The method of the classification and the main class exist at the same time, but the storage bit of the classification precedes the main class, so the calling method reads the method of the classification first, producing an illusion that the method of the main class is overwritten by the classification

2. Who is added to RW first, class or categorical data?

First sort, then sort. The classified data needs to be attached to the RW to take effect, so the class needs to be loaded first so that it has the RW. Even in cases where the classification is executed first, it is only saved and attached after the class is executed

3. Why do we need RW when we have RO

Because oc is dynamic, data can be added at run time in addition to compile-time data

4. The relationship between RO and RW

Ro stores the properties, methods, and protocols that were identified at compile time for the current class;

The RW is determined at run time and copies the contents of the RO, and then copies the properties, methods, and so on of the current class classification into it.

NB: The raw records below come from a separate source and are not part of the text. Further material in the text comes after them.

lemma diagm_norm_bounds:
  assumes lo: "\<And>k. 0 \<le> m \<and> m \<le> \<bar>d k\<bar>" and hi: "\<And>k. \<bar>d k\<bar> \<le> M"
  shows "m * norm z \<le> norm (diagm d *v z)" "norm (diagm d *v z) \<le> M * norm z"
proof -
  have m0: "m \<ge> 0" using lo by blast
  have M0: "M \<ge> 0" using hi[of undefined] by linarith
  have norm_sq: "(norm x)^2 = (\<Sum>k\<in>UNIV. (x$k)^2)" for x :: "real^'a"
    unfolding power2_norm_eq_inner inner_vec_def by (simp add: power2_eq_square)
  have eq: "(norm (diagm d *v z))^2 = (\<Sum>k\<in>UNIV. (d k)^2 * (z$k)^2)"
    unfolding norm_sq diagm_mult_vector_nth by (simp add: power_mult_distrib)
  have "(m * norm z)^2 = (\<Sum>k\<in>UNIV. m^2 * (z$k)^2)"
    by (simp add: power_mult_distrib norm_sq sum_distrib_left)
  also have "\<dots> \<le> (\<Sum>k\<in>UNIV. (d k)^2 * (z$k)^2)"
  proof (rule sum_mono)
    fix k
    have "m^2 \<le> (d k)^2" using lo[of k] by (metis abs_le_square_iff abs_of_nonneg)
    then show "m^2 * (z$k)^2 \<le> (d k)^2 * (z$k)^2" by (simp add: mult_right_mono)
  qed
  finally show "m * norm z \<le> norm (diagm d *v z)"
    using m0 eq by (metis norm_ge_zero power2_le_imp_le)
  have "(\<Sum>k\<in>UNIV. (d k)^2 * (z$k)^2) \<le> (\<Sum>k\<in>UNIV. M^2 * (z$k)^2)"
  proof (rule sum_mono)
    fix k
    have "(d k)^2 \<le> M^2" using hi[of k] by (metis abs_le_square_iff abs_of_nonneg M0)
    then show "(d k)^2 * (z$k)^2 \<le> M^2 * (z$k)^2" by (simp add: mult_right_mono)
  qed
  also have "\<dots> = (M * norm z)^2"
    by (simp add: power_mult_distrib norm_sq sum_distrib_left)
  finally show "norm (diagm d *v z) \<le> M * norm z"
    using M0 eq by (metis norm_ge_zero mult_nonneg_nonneg power2_le_imp_le)
qed

lemma exp_diag_norm_bounds:
  shows "exp (- norm a) * norm z \<le> norm (exp_diag a *v z)"
    and "norm (exp_diag a *v z) \<le> exp (norm a) * norm z"
proof -
  have b: "exp (- norm a) \<le> exp (a $ k)" "exp (a $ k) \<le> exp (norm a)" for k
    using component_le_norm_cart[of a k] by auto
  show "exp (- norm a) * norm z \<le> norm (exp_diag a *v z)" unfolding exp_diag_diagm
    by (rule diagm_norm_bounds(1)[where M="exp (norm a)"]) (use b in auto)
  show "norm (exp_diag a *v z) \<le> exp (norm a) * norm z" unfolding exp_diag_diagm
    by (rule diagm_norm_bounds(2)[where m="exp (- norm a)"]) (use b in auto)
qed

lemma norm_axis: "norm (axis i (c::real)) = \<bar>c\<bar>"
proof -
  have "axis i c = c *\<^sub>R axis i 1" by (simp add: vec_eq_iff axis_def)
  then show ?thesis by simp
qed

text \<open>The i-th Iwasawa diagonal entry of g as an intrinsic quantity: the least norm of
  g^T w over the vectors w with w_i = 1 and w_j = 0 for j < i.  Unlike iwasawa_y, this is
  visibly a measurable function of g.\<close>
definition flag_vectors :: "'n::{finite,linorder} \<Rightarrow> (real^('n::{finite,linorder})) set" where
  "flag_vectors i = {w. w $ i = 1 \<and> (\<forall>j<i. w $ j = 0)}"

definition iwasawa_entry :: "('n::{finite,linorder}) sqmat \<Rightarrow> 'n \<Rightarrow> real" where
  "iwasawa_entry g i = Inf ((\<lambda>w. norm (transpose g *v w)) ` flag_vectors i)"

lemma upper_unipotent_transpose_nth:
  assumes ux: "upper_unipotent x" and w: "\<forall>k<j. w $ k = 0"
  shows "(transpose x *v w) $ j = w $ j"
proof -
  have "(transpose x *v w) $ j = (\<Sum>k\<in>UNIV. x $ k $ j * w $ k)"
    by (simp add: matrix_vector_mult_def transpose_def)
  also have "\<dots> = (\<Sum>k\<in>UNIV. if k = j then w $ j else 0)"
  proof (rule sum.cong)
    fix k
    show "x $ k $ j * w $ k = (if k = j then w $ j else 0)"
      using ux w by (cases k j rule: linorder_cases) (auto simp: upper_unipotent_def)
  qed simp
  finally show ?thesis by simp
qed

text \<open>x^T maps some flag vector onto the basis vector e_i (solve x^T w = e_i and check, by
  induction along the order, that w vanishes below i).\<close>
lemma flag_vector_to_axis:
  assumes ux: "upper_unipotent x"
  obtains w where "w \<in> flag_vectors i" "transpose x *v w = axis i 1"
proof -
  have "det (transpose x) \<noteq> 0" using det_upper_unipotent[OF ux] by simp
  then obtain A' where "transpose x ** A' = mat 1"
    using invertible_det_nz unfolding invertible_def by blast
  then have tw: "transpose x *v (A' *v axis i 1) = axis i 1" by (simp add: matrix_vector_mul_assoc)
  define w where "w = A' *v axis i 1"
  have "\<forall>j. pos j = m \<longrightarrow> j < i \<longrightarrow> w $ j = 0" for m
  proof (induction m rule: less_induct)
    case (less m)
    show ?case
    proof (intro allI impI)
      fix j assume j: "pos j = m" "j < i"
      have "\<forall>k<j. w $ k = 0" using less j pos_strict_mono by fastforce
      then have "w $ j = (transpose x *v w) $ j" using upper_unipotent_transpose_nth[OF ux] by simp
      then show "w $ j = 0" using tw j(2) unfolding w_def by (simp add: axis_def)
    qed
  qed
  then have low: "\<forall>j<i. w $ j = 0" by blast
  then have "w $ i = (transpose x *v w) $ i" using upper_unipotent_transpose_nth[OF ux] by simp
  then have "w $ i = 1" using tw unfolding w_def by simp
  then have "w \<in> flag_vectors i" using low by (simp add: flag_vectors_def)
  then show ?thesis using that tw unfolding w_def by blast
qed

text \<open>If g = x diag(d) \<xi> is an Iwasawa decomposition, iwasawa_entry g i = d_i: the norm is
  at least |d_i| by looking at the i-th coordinate, with equality at the flag vector of
  the previous lemma.\<close>
lemma iwasawa_entry_eq:
  assumes ux: "upper_unipotent x" and o\<xi>: "orthogonal_matrix \<xi>" and dpos: "\<And>k. d k > 0"
    and g: "g = x ** diagm d ** \<xi>"
  shows "iwasawa_entry g i = d i"
proof -
  have tg: "transpose g *v w = transpose \<xi> *v (diagm d *v (transpose x *v w))" for w
    unfolding g by (simp only: matrix_transpose_mul transpose_diagm matrix_vector_mul_assoc
        matrix_mul_assoc)
  have ntg: "norm (transpose g *v w) = norm (diagm d *v (transpose x *v w))" for w
    unfolding tg by (rule orthogonal_matrix_norm) (simp add: o\<xi>)
  have lower: "d i \<le> norm (transpose g *v w)" if "w \<in> flag_vectors i" for w
  proof -
    have "(transpose x *v w) $ i = 1"
      using upper_unipotent_transpose_nth[OF ux] that by (simp add: flag_vectors_def)
    then show ?thesis
      using component_le_norm_cart[of "diagm d *v (transpose x *v w)" i] dpos[of i]
      unfolding ntg diagm_mult_vector_nth by simp
  qed
  obtain w0 where w0: "w0 \<in> flag_vectors i" "transpose x *v w0 = axis i 1"
    using flag_vector_to_axis[OF ux] by blast
  have "norm (transpose g *v w0) = d i"
    unfolding ntg w0(2) diagm_axis using dpos[of i] by (simp add: norm_axis)
  then have "d i \<in> (\<lambda>w. norm (transpose g *v w)) ` flag_vectors i" using w0(1) by force
  then show ?thesis unfolding iwasawa_entry_def
    by (rule cInf_eq_minimum) (use lower in auto)
qed

text \<open>Lower bound of the Iwasawa entries by the polar height:  d_i = |g^T w0| for a flag
  vector w0, and |w0| \<ge> |w0_i| = 1, while g^T contracts by at most exp(-|a|).\<close>
lemma iwasawa_diagonal_lower_bound:
  assumes ux: "upper_unipotent x" and o\<xi>: "orthogonal_matrix \<xi>" and dpos: "\<And>k. d k > 0"
    and g: "g = x ** diagm d ** \<xi>"
    and o1: "orthogonal_matrix \<xi>1" and o2: "orthogonal_matrix \<xi>2"
    and g2: "g = \<xi>1 ** exp_diag a ** \<xi>2"
  shows "exp (- norm a) \<le> d i"
proof -
  obtain w0 where w0: "w0 \<in> flag_vectors i" "transpose x *v w0 = axis i 1"
    using flag_vector_to_axis[OF ux] by blast
  have "1 \<le> norm w0"
    using component_le_norm_cart[of w0 i] w0(1) by (simp add: flag_vectors_def)
  then have "exp (- norm a) \<le> exp (- norm a) * norm w0" by simp
  also have "\<dots> = exp (- norm a) * norm (transpose \<xi>1 *v w0)"
    using o1 by (simp add: orthogonal_matrix_norm del: transpose_matrix_vector)
  also have "\<dots> \<le> norm (exp_diag a *v (transpose \<xi>1 *v w0))"
    by (rule exp_diag_norm_bounds(1))
  also have "\<dots> = norm (transpose \<xi>2 *v (exp_diag a *v (transpose \<xi>1 *v w0)))"
    using o2 by (simp add: orthogonal_matrix_norm del: transpose_matrix_vector)
  also have "transpose \<xi>2 *v (exp_diag a *v (transpose \<xi>1 *v w0)) = transpose g *v w0"
    unfolding g2 exp_diag_diagm by (simp only: matrix_transpose_mul transpose_diagm
        matrix_vector_mul_assoc matrix_mul_assoc)
  also have "transpose g *v w0 = transpose \<xi> *v (diagm d *v (transpose x *v w0))"
    unfolding g by (simp only: matrix_transpose_mul transpose_diagm matrix_vector_mul_assoc
        matrix_mul_assoc)
  also have "norm \<dots> = d i"
    unfolding w0(2) diagm_axis using dpos[of i] o\<xi>
    by (simp add: orthogonal_matrix_norm norm_axis del: transpose_matrix_vector)
  finally show ?thesis .
qed

text \<open>Upper bound: for the unit vector v = \<xi>^T e_i the i-th coordinate of g v is d_i,
  while g expands by at most exp |a|.\<close>
lemma iwasawa_diagonal_upper_bound:
  assumes ux: "upper_unipotent x" and o\<xi>: "orthogonal_matrix \<xi>" and dpos: "\<And>k. d k > 0"
    and g: "g = x ** diagm d ** \<xi>"
    and o1: "orthogonal_matrix \<xi>1" and o2: "orthogonal_matrix \<xi>2"
    and g2: "g = \<xi>1 ** exp_diag a ** \<xi>2"
  shows "d i \<le> exp (norm a)"
proof -
  define v where "v = transpose \<xi> *v axis i 1"
  have "\<xi> ** transpose \<xi> = mat 1" using o\<xi> by (simp add: orthogonal_matrix_def)
  then have "(x ** diagm d ** (\<xi> ** transpose \<xi>)) *v axis i 1 = x *v (diagm d *v axis i 1)"
    by (simp only: matrix_mul_rid matrix_vector_mul_assoc)
  moreover have "g *v v = (x ** diagm d ** (\<xi> ** transpose \<xi>)) *v axis i 1"
    unfolding g v_def by (simp only: matrix_vector_mul_assoc matrix_mul_assoc)
  ultimately have gv: "g *v v = x *v axis i (d i)" by (simp add: diagm_axis)
  have "(x *v axis i (d i)) $ i = (\<Sum>k\<in>UNIV. x$i$k * axis i (d i) $ k)"
    by (simp add: matrix_vector_mult_def)
  also have "\<dots> = (\<Sum>k\<in>UNIV. if k = i then d i else 0)"
    by (rule sum.cong) (use ux in \<open>auto simp: axis_def upper_unipotent_def\<close>)
  finally have "(x *v axis i (d i)) $ i = d i" by simp
  then have "d i \<le> norm (g *v v)"
    using component_le_norm_cart[of "g *v v" i] gv dpos[of i] by simp
  also have "norm (g *v v) = norm (exp_diag a *v (\<xi>2 *v v))"
    unfolding g2 by (simp add: matrix_vector_mul_assoc[symmetric] orthogonal_matrix_norm[OF o1])
  also have "\<dots> \<le> exp (norm a) * norm (\<xi>2 *v v)" by (rule exp_diag_norm_bounds(2))
  also have "norm (\<xi>2 *v v) = 1"
    unfolding v_def using o\<xi> o2 by (simp add: orthogonal_matrix_norm del: transpose_matrix_vector)
  finally show ?thesis by simp
qed

text \<open>iwasawa_entry is upper semicontinuous (an infimum of continuous functions), hence
  Borel measurable: its strict sublevel sets are unions of open sets.\<close>
lemma continuous_on_transpose_mult_vector:
  "continuous_on UNIV (\<lambda>g::real^'n^'m. transpose g *v w)"
proof -
  have "linear (\<lambda>g::real^'n^'m. transpose g *v w)"
    by (intro linearI)
      (simp_all add: transpose_def matrix_vector_mult_def vec_eq_iff sum.distrib
        sum_distrib_left algebra_simps)
  then show ?thesis by (simp add: linear_continuous_on linear_conv_bounded_linear)
qed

Rw is a superset of RO

5. How do the data in Macho get into memory

Read the contents under the corresponding field of macho, store them with hash table, and initialize them according to the table

4. Write in the back

Compared with DYLD, the loading principle process of class is relatively simple, but there are many interview questions derived from it. Therefore, it is cost-effective to understand its process, which is worth our time to go deeper.

The next chapter is a load analysis of classes, which complements this chapter by covering the flow of classes and classes under lazy and non-lazy loading.